Perguntas e respostas sobre liberação de testes rápidos de COVID-19 em farmácias pela Anvisa

A Anvisa liberou, em caráter excepcional, a realização de testes rápidos para diagnóstico de COVID-19 em farmácias. A medida exige a presença de profissionais capacitados para realizar o exame.

O teste rápido é feito para detectar se a pessoa já teve contato ou não com o vírus. O exame, colhido por amostra de sangue, utiliza o método de imunocromatografia, que consiste na geração de cor a partir de uma reação química entre um antígeno e um anticorpo.

De acordo com a Anvisa, como o organismo demanda tempo para produzir os anticorpos, a maior parte dos testes rápidos registrados pela agência têm maior chance de resultados robustos a partir do décimo dia de sintomas.

Pelo conhecimento que se tem da COVID-19 até o momento e pelas limitações do teste rápido, a comunidade científica e a Anvisa recomendam que a confirmação do resultado seja feita por meio do ensaio molecular (PT-PCR em tempo real), capaz de identificar a presença ou não do vírus. Amostras do PT-PCR são retiradas do nariz ou da boca com o uso de um swab. O exame leva horas para ficar pronto, mas, pela atual demanda no país, tem levado dias.

O Ministério da Saúde recomenda em protocolo que o profissional da saúde avalie a presença dos seguintes critérios clínicos para indicar a realização de exames:

  • Pessoa com quadro respiratório agudo, caracterizado por sensação febril ou febre, que pode ou não estar presente na hora da consulta (podendo ser relatada ao profissional de saúde), acompanhada de tosse OU dor de garganta OU coriza OU dificuldade respiratória (síndrome gripal).

  • Pessoa com desconforto respiratório/dificuldade para respirar OU pressão persistente no tórax OU saturação de oxigênio menor do que 95% em ar ambiente OU coloração azulada dos lábios ou rosto (Síndrome Respiratória Aguda Grave),

O site da agência também respondeu algumas das perguntas mais frequentes sobre a liberação dos testes em farmácias. Confira algumas das questões:

A partir de quando os testes estarão disponíveis nas farmácias e drogarias?

A disponibilidade depende da decisão dos estabelecimentos de oferecer ou não o serviço, além de estoque do produto.

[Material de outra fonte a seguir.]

(* Let $f\in C(\Omega)$ with $f\ge 0$ in $\Omega$, and let $u$ be a viscosity solution of the Bellman equation $H(D^2u(x),f(x))=0$ in $\Omega$. Then $u$ is a viscosity solution of the Monge–Ampère equation $M(D^2u(x),f(x))=0$ in $\Omega$ on the set of convex functions (in particular $u$ is convex).
   Context: Let $d\ge 2$ and let $\Omega\subset\mathbb R^d$ be a bounded open strictly convex domain. $\mathbb S$ denotes the set of real symmetric $d\times d$ matrices, $\mathbb S_+=\{A\in\mathbb S: A\ge 0\}$ (positive semidefinite matrices), $\mathbb S_1=\{B\in\mathbb S_+:\operatorname{tr}B=1\}$, and $A:B=\operatorname{tr}(A^TB)$ is the Frobenius inner product. For $A\in\mathbb S$ and $f\in[0,\infty)$ define the Bellman operator $H(A,f)=\sup_{B\in\mathbb S_1}\bigl(-B:A+f\sqrt[d]{\det B}\bigr)$ and the Monge–Ampère operator $M(A,f)=(f/d)^d-\det A$. $\mathrm{USC}(G)$, $\mathrm{LSC}(G)$ denote upper/lower semicontinuous functions on $G$. Viscosity notions: for $F:\mathbb S\times\Omega\to\mathbb R$ (here $F(A,x)=H(A,f(x))$ or $F(A,x)=M(A,f(x))$), a function $u\in\mathrm{USC}(\Omega)$ (resp. $u\in\mathrm{LSC}(\Omega)$) is a viscosity subsolution (resp. supersolution) of $F(D^2u(x),x)=0$ in $\Omega$ if for every $\varphi\in C^2(\Omega)$ such that $u-\varphi$ has a local maximum (resp. minimum) at $x\in\Omega$ one has $F(D^2\varphi(x),x)\le 0$ (resp. $\ge 0$); a viscosity solution is both a sub- and a supersolution. The function $u$ is a viscosity subsolution (resp. supersolution) on the set of convex functions if $u$ is convex and the same inequality holds for every convex $\varphi\in C^2(\Omega)$ such that $u-\varphi$ has a local maximum (resp. minimum) at $x\in\Omega$; a viscosity solution on the set of convex functions is both. *)

theory Defs
  imports "HOL-Analysis.Analysis"
begin
lemma bracket_in_center_if_brackets_proportional:
  assumes "da < 2" "db < 2" "a \<in> hom L da" "b \<in> hom L db"
    and proportional: "\<forall>x\<in>V. \<forall>y\<in>V. \<exists>s. cls \<lbrace>x, y\<rbrace> = cls (s \<odot> \<lbrace>a, b\<rbrace>)"
    and "\<lbrace>a, \<lbrace>a, b\<rbrace>\<rbrace> = \<zero>" "\<lbrace>b, \<lbrace>a, b\<rbrace>\<rbrace> = \<zero>"
  shows "\<lbrace>a, b\<rbrace> \<in> Z"
proof -
  define w where "w = \<lbrace>a, b\<rbrace>"
  have V: "a \<in> V" "b \<in> V" "w \<in> V" using assms hom_closed w_def by auto
  have w_deg: "w \<in> hom L ((da + db) mod 2)" using bracket_degree assms w_def by blast
  have "\<lbrace>w, h\<rbrace> = \<zero>" if "d < 2" "h \<in> hom L d" for d h
  proof -
    have h: "h \<in> V" using that hom_closed by blast
    have "\<lbrace>a, \<lbrace>b, h\<rbrace>\<rbrace> = \<zero>" "\<lbrace>b, \<lbrace>h, a\<rbrace>\<rbrace> = \<zero>"
      using proportional bracket_eq_zero_if_coset_multiple assms V h w_def by (meson bracket_closed)+
    then have "(-1) ^ (d * db) \<odot> \<lbrace>h, w\<rbrace> = \<zero>"
      using jacobi[OF assms(1,2) that(1) assms(3,4) that(2)] V h w_def by simp
    then have "\<lbrace>h, w\<rbrace> = \<zero>"
      by (rule smul_eq_zero_imp[rotated 2]) (use V h in simp_all)
    then show ?thesis using bracket_swap_eq_zero[of d "(da + db) mod 2" h w] that w_deg by simp
  qed
  then show ?thesis
    unfolding center_def w_def[symmetric] using bracket_eq_zero_by_homogeneous_right V by blast
qed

Qual a forma de coleta de amostras, tipo de análise e tempo para os exames oferecidos em drogarias?

Para o teste rápido, a coleta de sangue é semelhante à que é feita para medição de glicose, com uma picada no dedo. Logo depois, a amostra é colocada em um pequeno dispositivo de teste, que dará o resultado entre 10 e 30 minutos. O exame só é indicado a partir do sétimo após o surgimento dos sintomas da doença. Se o resultado for positivo, indica que a pessoa já teve contato com o vírus.

Existe a possibilidade de haver um resultado falso positivo ou falso negativo?

Se a testagem ocorrer dentro do período de janela imunológica, que pode variar de 7 a 10 dias após o início de infecção, o resultado do ensaio poderá ser negativo, mesmo quando a pessoa estiver contaminada (falso negativo). Já o resultado do teste positivo indica a presença de anticorpos contra o Sars-CoV-2, o que significa que houve exposição ao vírus, não sendo possível definir apenas pelo resultado do teste se há ou não infecção ativa.

Como posso saber se o teste que está sendo usado é registrado pela Anvisa?

Os produtos para testagem do novo coronavírus são classificados como de risco III, isto é, de médio/alto risco ao indivíduo e saúde pública, passíveis de registro e destinados ao uso profissional. A lista de testes rápidos avaliados e aprovados pode ser encontrada no site da agência.

Posso comprar o teste e levar para casa?

A autorização da Anvisa é para a realização dos testes rápidos de uso profissional em farmácias. Não se trata de autoteste.

A farmácia pode oferecer este serviço em domicílio?

Não. O serviço de testagem em domicílio para Covid-19 não está preconizado no regulamento da Anvisa e ainda não é parte da estratégia de governo.